The bottleneck in CUDA migration has never been the hardware decision itself. It has been the expertise required to port CUDA code over. Moving to OpenCL meant finding engineers who knew OpenCL, on hardware they had limited experience with, for kernels they would need to tune from scratch. The weeks-per-kernel timeline made the math work against migration almost every time.

The HVX case is more extreme. It is not a widely-known language. It is not an ecosystem most teams have access to. Generating optimized HVX kernels from serial CPU kernels, without a specialist, was simply not a realistic option before automated transpilation.

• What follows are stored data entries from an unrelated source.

lemma qpoch_quotient_mult_prod_one_minus_X:
  "fps_eq_upto N (qpoch_quotient N * prod_one_minus_X (allowed_exponents N)) 1"
proof -
  let ?A = "qpoch (- (fps_X ^ 3)) (fps_X ^ 4) N :: rat fps"
  let ?C = "qpoch (fps_X ^ 3) (fps_X ^ 4) N :: rat fps"
  let ?D = "qpoch (fps_X ^ 2) (fps_X ^ 2) N :: rat fps"
  let ?T = "allowed_exponents N"
  define U where "U = {k. 0 < k \<and> k \<le> N \<and> k mod 8 \<notin> {1, 5}}"
  let ?R = "\<lambda>k d. {j. k \<le> j \<and> j \<le> N \<and> j mod d = k mod d}"
  have finite: "finite (?R k d)" for k d
    by (rule finite_subset[of _ "{..N}"]) auto
  have "?A * ?C = qpoch (fps_X ^ 6) (fps_X ^ 8) N"
    using qpoch_neg_mult_qpoch[of "fps_X ^ 3" "fps_X ^ 4" N] by (simp flip: power_mult)
  then have "fps_eq_upto N (?A * ?C) (prod_one_minus_X (?R 6 8))"
    using fps_eq_upto_qpoch_fps_X_power[of 6 8 N] by simp
  then have "fps_eq_upto N (?A * ?C * prod_one_minus_X ?T) (prod_one_minus_X (?R 6 8) * prod_one_minus_X ?T)"
    by (intro fps_eq_upto_mult fps_eq_upto_refl)
  also have "prod_one_minus_X (?R 6 8) * prod_one_minus_X ?T = prod_one_minus_X U"
  proof -
    have disjoint: "?R 6 8 \<inter> ?T = {}"
      by (auto simp: allowed_exponents_def)
    have "?R 6 8 \<union> ?T = U"
      by (auto simp: U_def allowed_exponents_def)
    then have "prod_one_minus_X U = prod_one_minus_X (?R 6 8) * prod_one_minus_X ?T"
      using prod_one_minus_X_union[OF finite finite_allowed_exponents disjoint] by simp
    then show ?thesis
      by (rule sym)
  qed
  also have "prod_one_minus_X U = prod_one_minus_X (?R 2 2) * prod_one_minus_X (?R 3 4)"
  proof -
    have disjoint: "?R 2 2 \<inter> ?R 3 4 = {}"
      by auto presburger
    have "?R 2 2 \<union> ?R 3 4 = U"
      by (auto simp: U_def) presburger+
    then show ?thesis
      using prod_one_minus_X_union[OF finite finite disjoint] by simp
  qed
  also have "fps_eq_upto N \<dots> (?D * ?C)"
    by (intro fps_eq_upto_mult; rule fps_eq_upto_sym, rule fps_eq_upto_qpoch_fps_X_power) simp_all
  also have "?D * ?C = 1 * (?D * ?C)"
    by simp
  finally have numerator: "fps_eq_upto N (?A * ?C * prod_one_minus_X ?T) (1 * (?D * ?C))" .
  have "qpoch_quotient N * prod_one_minus_X ?T * (?D * ?C)
      = (qpoch_quotient N * ?D) * ?C * prod_one_minus_X ?T"
    by (simp only: ac_simps)
  also have "qpoch_quotient N * ?D = ?A"
    unfolding qpoch_quotient_def by (rule unit_div_mult_self) (simp add: qpoch_fps_X_power_nth_0)
  finally have "fps_eq_upto N (qpoch_quotient N * prod_one_minus_X ?T * (?D * ?C)) (1 * (?D * ?C))"
    using numerator by (simp only:)
  moreover have "(?D * ?C) * inverse (?D * ?C) = 1"
    by (simp add: inverse_mult_eq_1' qpoch_fps_X_power_nth_0)
  ultimately show ?thesis
    by (rule fps_eq_upto_cancel[rotated])
qed
section \<open>The radial derivative\<close>

lemma radial_deriv_eq:
  fixes f :: "real^'n::finite \<Rightarrow> complex"
  assumes "x \<noteq> 0" "q x > 0" and "(f has_derivative D) (at x)"
  shows "radial_deriv \<nu> q f x = D (euler_field \<nu> x) / of_real (q x)"
proof -
  define y where "y = dil \<nu> (1 / q x) x"
  have x_eq: "dil \<nu> (q x) y = x"
    using assms(2) by (simp add: y_def dil_mult)
  have "((\<lambda>r. f (dil \<nu> r y)) has_vector_derivative D ((1 / q x) *\<^sub>R euler_field \<nu> x)) (at (q x))"
    using has_vector_derivative_comp_dil[of f D \<nu> "q x" y UNIV] assms(2,3) by (simp add: x_eq)
  then have "radial_deriv \<nu> q f x = D ((1 / q x) *\<^sub>R euler_field \<nu> x)"
    using assms(1) by (simp add: radial_deriv_def y_def vector_derivative_at)
  also have "\<dots> = D (euler_field \<nu> x) / of_real (q x)"
    using linear_scale[OF has_derivative_linear[OF assms(3)]]
    by (simp add: scaleR_conv_of_real divide_inverse mult.commute)
  finally show ?thesis .
qed

lemma quasi_norm_mult_radial_deriv:
  fixes f :: "real^'n::finite \<Rightarrow> complex"
  assumes "\<And>x. x \<noteq> 0 \<Longrightarrow> q x > 0" and "(f has_derivative D) (at x)"
  shows "of_real (q x) * radial_deriv \<nu> q f x = D (euler_field \<nu> x)"
proof (cases "x = 0")
  case True
  have "euler_field \<nu> 0 = 0"
    by (simp add: euler_field_def vec_eq_iff)
  with True show ?thesis
    using linear_0[OF has_derivative_linear[OF assms(2)]] by (simp add: radial_deriv_def)
next
  case False
  then have "q x > 0"
    by (rule assms(1))
  have "radial_deriv \<nu> q f x = D (euler_field \<nu> x) / of_real (q x)"
    using False \<open>q x > 0\<close> assms(2) by (rule radial_deriv_eq)
  with \<open>q x > 0\<close> show ?thesis
    by simp
qed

Both constraints are now largely addressable. For teams evaluating hardware before procurement: you can generate representative optimized code for candidate hardware, benchmark it against your existing performance targets, and make the decision on real numbers. The cost of that experiment is days, not a multi-month porting engagement. For teams already committed to a target: the gap between what you can generate automatically and what a specialist would write by hand has closed to the point where it is no longer the primary variable in your hardware strategy.

The hardware choice is yours to make on its own merits: unit economics, supply chain diversity, thermal envelope, edge deployment constraints, and total cost of ownership. You're no longer trading performance for portability. The question is no longer whether you can afford to reduce your CUDA dependency. It's whether you can afford the concentration risk of maintaining it. These are preliminary results, prior to RL and human-in-the-loop training on the pipeline. More in a future update.